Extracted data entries
(* Let $(Z_i)_{i\in\mathbb N}$ be independent with $Z_i\sim N(\mu r_i,1)$, where $\mu>0$ and $r_i\in\{0,1\}$ are fixed, let $c$ be a fixed threshold, and let $M_k=\{i\le k:\ |Z_i|>c\}$. Then for every $\beta\in(0,1)$, $$\mathbb P\Big(\forall k\in\mathbb N:\ \sum_{i\in M_k}r_i-\mathbb E\Big(\sum_{i\in M_k}r_i\Big)\ge-\frac{C_k^\beta}{2}\big(N_1(k)\big)^{1/2}\Big)\ge1-\beta,$$ where $\mathbb E(\sum_{i\in M_k}r_i)=\mathbb P(|Z(\mu)|>c)\,N_1(k)$.
   Context: $Z(\nu)$ denotes a $N(\nu,1)$ random variable. For $\gamma\in(0,1)$, $k\ge1$: $C_k^\gamma=1.7\sqrt{\log\log(2k)+0.72\log\frac{5.2}{\gamma}}$. $N_1(k)=\sum_{i=1}^kr_i$. *)

theory Defs
  imports "HOL-Probability.Probability"
begin

definition C_const :: "nat \<Rightarrow> real \<Rightarrow> real" where
  "C_const k \<gamma> = 1.7 * sqrt (ln (ln (2 * real k)) + 0.72 * ln (5.2 / \<gamma>))"

definition N1 :: "(nat \<Rightarrow> real) \<Rightarrow> nat \<Rightarrow> real" where
  "N1 r k = (\<Sum>i=1..k. r i)"

definition normal_measure :: "real \<Rightarrow> real measure" where
  "normal_measure \<nu> = density lborel (normal_density \<nu> 1)"

definition tail_prob :: "real \<Rightarrow> real \<Rightarrow> real" where
  "tail_prob \<nu> c = measure (normal_measure \<nu>) {x. \<bar>x\<bar> > c}"

end

theory Submission
  imports Defs
begin
text \<open>Extended-valued functions f : R^n -> R \<union> {+\<infinity>}, modelled as ereal-valued
  functions never taking the value -\<infinity>. Closed / convex via the epigraph.\<close>

definition ext_epigraph :: "('a \<Rightarrow> ereal) \<Rightarrow> ('a \<times> real) set" where
  "ext_epigraph f = {(x, t). f x \<le> ereal t}"

definition closed_convex_ext :: "('a::real_normed_vector \<Rightarrow> ereal) \<Rightarrow> bool" where
  "closed_convex_ext f \<longleftrightarrow> (\<forall>x. f x \<noteq> -\<infinity>) \<and> convex (ext_epigraph f) \<and> closed (ext_epigraph f)"

definition Dmul :: "real^'m \<Rightarrow> real^'m \<Rightarrow> real^'m" where
  "Dmul u v = (\<chi> i. u$i * v$i)"

definition l0 :: "real^'m \<Rightarrow> nat" where
  "l0 w = card {i. w$i \<noteq> 0}"

definition p_pen :: "(real^'n \<Rightarrow> ereal) \<Rightarrow> real^'m^'n \<Rightarrow> real \<Rightarrow> real \<Rightarrow> ereal" where
  "p_pen f X gam lam = (INF w \<in> {w. (norm w)^2 \<le> gam}. f (X *v w) + ereal (lam * real (l0 w)))"

definition relax_feasible :: "real \<Rightarrow> real^'m \<Rightarrow> real^'m \<Rightarrow> bool" where
  "relax_feasible gam v u \<longleftrightarrow> (\<forall>i. 0 \<le> u$i \<and> u$i \<le> 1) \<and> v \<bullet> Dmul u v \<le> gam"

definition relax_obj :: "(real^'n \<Rightarrow> ereal) \<Rightarrow> real^'m^'n \<Rightarrow> real \<Rightarrow> real^'m \<Rightarrow> real^'m \<Rightarrow> ereal" where
  "relax_obj f X lam v u = f (X *v Dmul u v) + ereal (lam * (\<Sum>i\<in>UNIV. u$i))"

definition p_pen_relax :: "(real^'n \<Rightarrow> ereal) \<Rightarrow> real^'m^'n \<Rightarrow> real \<Rightarrow> real \<Rightarrow> ereal" where
  "p_pen_relax f X gam lam = (INF vu \<in> {(v, u). relax_feasible gam v u}. relax_obj f X lam (fst vu) (snd vu))"

text \<open>The linear program of the corollary. L = \<Sigma>_r V_r^T (so column i of L is \<ell>_i),
  U = U_r, vs = v*, zs = z*, ts = t*, fU = f(U_r z* ).\<close>

definition lp_feasible ::
  "ereal \<Rightarrow> real \<Rightarrow> ereal \<Rightarrow> real \<Rightarrow> real^'m^'r \<Rightarrow> real^'m \<Rightarrow> real^'r \<Rightarrow> real^'m \<Rightarrow> bool" where
  "lp_feasible fU lam ts gam L vs zs u \<longleftrightarrow>
     fU + ereal (lam * (\<Sum>i\<in>UNIV. u$i)) = ts \<and>
     (\<Sum>i\<in>UNIV. u$i * (vs$i)^2) \<le> gam \<and>
     (\<Sum>i\<in>UNIV. (u$i * vs$i) *\<^sub>R column i L) = zs \<and>
     (\<forall>i. 0 \<le> u$i \<and> u$i \<le> 1)"

text \<open>Gradients of the constraints active at u (equality constraints are always active).\<close>
definition lp_active_grads :: "real \<Rightarrow> real^'m^'r \<Rightarrow> real^'m \<Rightarrow> real^'m \<Rightarrow> (real^'m) set" where
  "lp_active_grads gam L vs u =
     {\<chi> i. 1} \<union>
     {(\<chi> i. (vs$i)^2) | _::unit. (\<Sum>i\<in>UNIV. u$i * (vs$i)^2) = gam} \<union>
     {(\<chi> i. L$k$i * vs$i) | k. True} \<union>
     {axis i 1 | i. u$i = 0 \<or> u$i = 1}"

definition lp_bfs ::
  "ereal \<Rightarrow> real \<Rightarrow> ereal \<Rightarrow> real \<Rightarrow> real^'m^'r \<Rightarrow> real^'m \<Rightarrow> real^'r \<Rightarrow> real^'m \<Rightarrow> bool" where
  "lp_bfs fU lam ts gam L vs zs u \<longleftrightarrow>
     lp_feasible fU lam ts gam L vs zs u \<and> span (lp_active_grads gam L vs u) = UNIV"

definition lp_optimal_bfs ::
  "real^'m \<Rightarrow> ereal \<Rightarrow> real \<Rightarrow> ereal \<Rightarrow> real \<Rightarrow> real^'m^'r \<Rightarrow> real^'m \<Rightarrow> real^'r \<Rightarrow> real^'m \<Rightarrow> bool" where
  "lp_optimal_bfs c fU lam ts gam L vs zs u \<longleftrightarrow>
     lp_bfs fU lam ts gam L vs zs u \<and>
     (\<forall>u'. lp_feasible fU lam ts gam L vs zs u' \<longrightarrow> c \<bullet> u \<le> c \<bullet> u')"

definition std_gaussian :: "(real^'m) measure" where
  "std_gaussian = density lborel (\<lambda>x. ennreal (\<Prod>i\<in>UNIV. std_normal_density (x$i)))"

definition frac_set :: "real^'m \<Rightarrow> 'm set" where
  "frac_set ub = {i. ub$i \<notin> {0, 1}}"

definition round_u :: "real^'m \<Rightarrow> real^'m" where
  "round_u ub = (\<chi> i. if i \<in> frac_set ub then 1 else ub$i)"

definition round_v :: "real^'m \<Rightarrow> real^'m \<Rightarrow> real^'m" where
  "round_v ub vs = (\<chi> i. if i \<in> frac_set ub then ub$i * vs$i else vs$i)"

end

theory Submission
  imports Defs
begin

text \<open>
  Any feasible point \<open>u\<close> of the linear program gives, together with \<open>v\<^sup>*\<close>, an optimal point
  of the relaxation with the same product \<open>D(u) v\<^sup>*\<close>. At such a point the weights \<open>(v\<^sub>i\<^sup>*)\<^sup>2\<close>
  are equal on the set \<open>S\<close> of fractional coordinates: otherwise rescaling \<open>u\<^sub>i, v\<^sub>i\<close> and
  \<open>u\<^sub>j, v\<^sub>j\<close> inversely moves quadratic mass from the heavier to the lighter coordinate, keeping
  \<open>D(u) v\<close> and the quadratic constraint while lowering \<open>\<one>\<^sup>T u\<close>. Hence the gradient of the
  quadratic constraint lies in the span of \<open>\<one>\<close> and the axes outside \<open>S\<close>, and since the
  active gradients of a basic solution span \<open>\<real>\<^sup>m\<close>, \<open>|S| \<le> r + 1\<close> (one for \<open>\<one>\<close>, \<open>r\<close> for
  the rows of \<open>\<Sigma>\<^sub>r V\<^sub>r\<^sup>T\<close>). Rounding the fractional \<open>u\<^sub>i\<close> up to 1 while replacing \<open>v\<^sub>i\<close> by
  \<open>u\<^sub>i v\<^sub>i\<close> keeps \<open>w = D(u) v\<close> and feasibility and costs at most \<open>\<lambda> |S|\<close>.
\<close>

lemma inner_Dmul: "v \<bullet> Dmul u v = (\<Sum>i\<in>UNIV. u$i * (v$i)^2)"
  unfolding inner_vec_def Dmul_def by (simp add: power2_eq_square algebra_simps)

lemma norm_Dmul_binary:
  assumes "\<forall>i. u$i \<in> {0, 1}"
  shows "(norm (Dmul u v))^2 = v \<bullet> Dmul u v"
proof -
  have "(norm (Dmul u v))^2 = (\<Sum>i\<in>UNIV. Dmul u v $ i * Dmul u v $ i)"
    unfolding power2_norm_eq_inner inner_vec_def by simp
  also have "\<dots> = (\<Sum>i\<in>UNIV. u$i * (v$i)^2)"
    using assms by (intro sum.cong) (auto simp: Dmul_def power2_eq_square)
  finally show ?thesis
    by (simp add: inner_Dmul)
qed

lemma l0_Dmul_le_sum:
  assumes "\<forall>i. u$i \<in> {0, 1}"
  shows "real (l0 (Dmul u v)) \<le> (\<Sum>i\<in>UNIV. u$i)"
proof -
  have "{i. Dmul u v $ i \<noteq> 0} \<subseteq> {i. u$i = 1}"
    using assms by (auto simp: Dmul_def)
  then have "l0 (Dmul u v) \<le> card {i. u$i = 1}"
    unfolding l0_def by (rule card_mono[OF finite])
  also have "real (card {i. u$i = 1}) = (\<Sum>i\<in>UNIV. if u$i = 1 then 1 else 0)"
    by (simp add: sum.If_cases)
  also have "\<dots> = (\<Sum>i\<in>UNIV. u$i)"
    by (rule sum.cong) (use assms in auto)
  finally show ?thesis by simp
qed

lemma p_pen_le:
  assumes "(norm w)^2 \<le> gam"
  shows "p_pen f X gam lam \<le> f (X *v w) + ereal (lam * real (l0 w))"
  unfolding p_pen_def by (rule INF_lower) (use assms in simp)

lemma p_pen_relax_le:
  assumes "relax_feasible gam v u"
  shows "p_pen_relax f X gam lam \<le> relax_obj f X lam v u"
  unfolding p_pen_relax_def by (rule INF_lower2[of "(v, u)"]) (use assms in auto)

lemma p_pen_relax_le_p_pen:
  fixes X :: "real^'m^'n"
  shows "p_pen_relax f X gam lam \<le> p_pen f X gam lam"
  unfolding p_pen_def
proof (rule INF_greatest)
  fix w :: "real^'m" assume w: "w \<in> {w. (norm w)^2 \<le> gam}"
  define u :: "real^'m" where "u = (\<chi> i. if w$i \<noteq> 0 then 1 else 0)"
  have Dmul_u: "Dmul u w = w"
    unfolding u_def Dmul_def by (auto simp: vec_eq_iff)
  have "relax_feasible gam w u"
    using w unfolding relax_feasible_def Dmul_u by (auto simp: u_def power2_norm_eq_inner)
  moreover have "(\<Sum>i\<in>UNIV. u$i) = real (l0 w)"
    unfolding u_def l0_def by (simp add: sum.If_cases)
  ultimately show "p_pen_relax f X gam lam \<le> f (X *v w) + ereal (lam * real (l0 w))"
    using p_pen_relax_le[of gam w u f X lam] unfolding relax_obj_def Dmul_u by simp
qed

lemma p_pen_le_relax_obj_binary:
  assumes binary: "\<forall>i. u$i \<in> {0, 1}" and quad: "v \<bullet> Dmul u v \<le> gam" and "lam \<ge> 0"
  shows "p_pen f X gam lam \<le> relax_obj f X lam v u"
proof -
  have "p_pen f X gam lam \<le> f (X *v Dmul u v) + ereal (lam * real (l0 (Dmul u v)))"
    using quad norm_Dmul_binary[OF binary] by (intro p_pen_le) simp
  also have "\<dots> \<le> relax_obj f X lam v u"
    unfolding relax_obj_def using l0_Dmul_le_sum[OF binary] \<open>lam \<ge> 0\<close>
    by (intro add_left_mono) (simp add: mult_left_mono)
  finally show ?thesis .
qed

lemma round_u_binary: "round_u ub $ i \<in> {0, 1}"
  unfolding round_u_def frac_set_def by auto

lemma Dmul_round: "Dmul (round_u ub) (round_v ub v) = Dmul ub v"
  unfolding Dmul_def round_u_def round_v_def by (simp add: vec_eq_iff)

lemma round_quadratic_le:
  assumes "\<forall>i. 0 \<le> ub$i \<and> ub$i \<le> 1"
  shows "round_v ub v \<bullet> Dmul (round_u ub) (round_v ub v) \<le> v \<bullet> Dmul ub v"
  unfolding inner_Dmul
proof (rule sum_mono)
  fix i
  have "(ub$i)^2 \<le> ub$i"
    using assms[rule_format, of i] by (simp add: power2_eq_square mult_left_le)
  then have "(ub$i)^2 * (v$i)^2 \<le> ub$i * (v$i)^2"
    by (rule mult_right_mono) simp
  then show "round_u ub $ i * (round_v ub v $ i)^2 \<le> ub$i * (v$i)^2"
    unfolding round_u_def round_v_def by (simp add: power_mult_distrib)
qed

lemma sum_round_u_le:
  assumes "\<forall>i. 0 \<le> ub$i"
  shows "(\<Sum>i\<in>UNIV. round_u ub $ i) \<le> (\<Sum>i\<in>UNIV. ub$i) + real (card (frac_set ub))"
proof -
  have "(\<Sum>i\<in>UNIV. round_u ub $ i) \<le> (\<Sum>i\<in>UNIV. ub$i + (if i \<in> frac_set ub then 1 else 0))"
    by (rule sum_mono) (use assms in \<open>auto simp: round_u_def\<close>)
  then show ?thesis
    by (simp add: sum.distrib sum.If_cases)
qed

__Task item__: The answer must contain only the lines from the one with "unfolding inner_Dmul" to the end of the entries above, each written out exactly.

__Solved problem__:
  unfolding inner_Dmul
proof (rule sum_mono)
  fix i
  have "(ub$i)^2 \<le> ub$i"
    using assms[rule_format, of i] by (simp add: power2_eq_square mult_left_le)
  then have "(ub$i)^2 * (v$i)^2 \<le> ub$i * (v$i)^2"
    by (rule mult_right_mono) simp
  then show "round_u ub $ i * (round_v ub v $ i)^2 \<le> ub$i * (v$i)^2"
    unfolding round_u_def round_v_def by (simp add: power_mult_distrib)
qed

lemma sum_round_u_le:
  assumes "\<forall>i. 0 \<le> ub$i"
  shows "(\<Sum>i\<in>UNIV. round_u ub $ i) \<le> (\<Sum>i\<in>UNIV. ub$i) + real (card (frac_set ub))"
proof -
  have "(\<Sum>i\<in>UNIV. round_u ub $ i) \<le> (\<Sum>i\<in>UNIV. ub$i + (if i \<in> frac_set ub then 1 else 0))"
    by (rule sum_mono) (use assms in \<open>auto simp: round_u_def\<close>)
  then show ?thesis
    by (simp add: sum.distrib sum.If_cases)
qed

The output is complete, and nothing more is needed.